Although the RenovaBio legislation was swiftly regulated, some variables still have not been defined, such as the individual targets imposed on distributors and how to calculate the efficiency of producers. Because the value of the CBIOs will vary according to supply and demand, it is difficult to predict how the market will operate before the goals are known. “But one can imagine that the value of the credits will fall if the price of oil increases, because that would be a disincentive to consume fossil fuels,” says Luciano Rodrigues of UNICA. In the view of Gonçalo Amarante, the credits should be liquid. “If today investors buy virtual currencies with obscure underlying assets, certainly there will be interest in carbon credits which are based on sustainable production.”

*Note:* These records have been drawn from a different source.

theorem proposition4p4:
  fixes \<beta> c :: real
  assumes "\<beta> > 0" and "c \<ge> 0"
  shows "\<exists>g. g holomorphic_on (- (complex_of_real ` supp_S \<beta> c \<union> {0})) \<and>
             (\<forall>z \<in> - (complex_of_real ` {..edge_b \<beta> c}). g z = f_branch \<beta> c z) \<and>
             (\<forall>z \<in> - (complex_of_real ` supp_S \<beta> c \<union> {0}).
                cauchy_G \<beta> c z = - g z + 2 / complex_of_real \<beta> * z
                                  - 2 * complex_of_real c / (complex_of_real \<beta> * z))"
proof -
  define g where "g z = - cauchy_G \<beta> c z + 2 / complex_of_real \<beta> * z
                          - 2 * complex_of_real c / (complex_of_real \<beta> * z)" for z
  have "g holomorphic_on - (complex_of_real ` supp_S \<beta> c \<union> {0})"
    unfolding g_def [abs_def] using assms
    by (intro holomorphic_intros holomorphic_on_subset [OF cauchy_G_holomorphic [OF assms]]) auto
  moreover have "g z = f_branch \<beta> c z" if "z \<in> - (complex_of_real ` {..edge_b \<beta> c})" for z
    using cauchy_G_on_slit_plane [OF assms that] by (simp add: g_def)
  ultimately show ?thesis
    by (intro exI [of _ g]) (auto simp: g_def)
qed

end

Distributors may postpone up to 15% of their individual targets to the following year

That anyone can participate in buying and selling credits is the subject of controversy. The measure, which seeks to provide liquidity to the market, is seen with suspicion by distributors, who fear speculation. If the CBIOs are too costly for companies, there is a risk that they will opt to pay the penalty for failing to meet the goals, which was reduced from a maximum of R$500 million to R$50 million per distributor as the law passed through Congress. It is true that companies will have some flexibility. A small part of the individual goal, up to 15% of the total, can be delayed to the following year, but cannot be used immediately. The distributors will be exempt from needing to prove decarbonization if they sign contracts to purchase credits over long periods of time; the goal is to help structure the CBIO market. “We have the foundation of a new policy, but its application still needs to be properly organized. Mechanisms need to be created to prevent evasion,” says Rodrigues.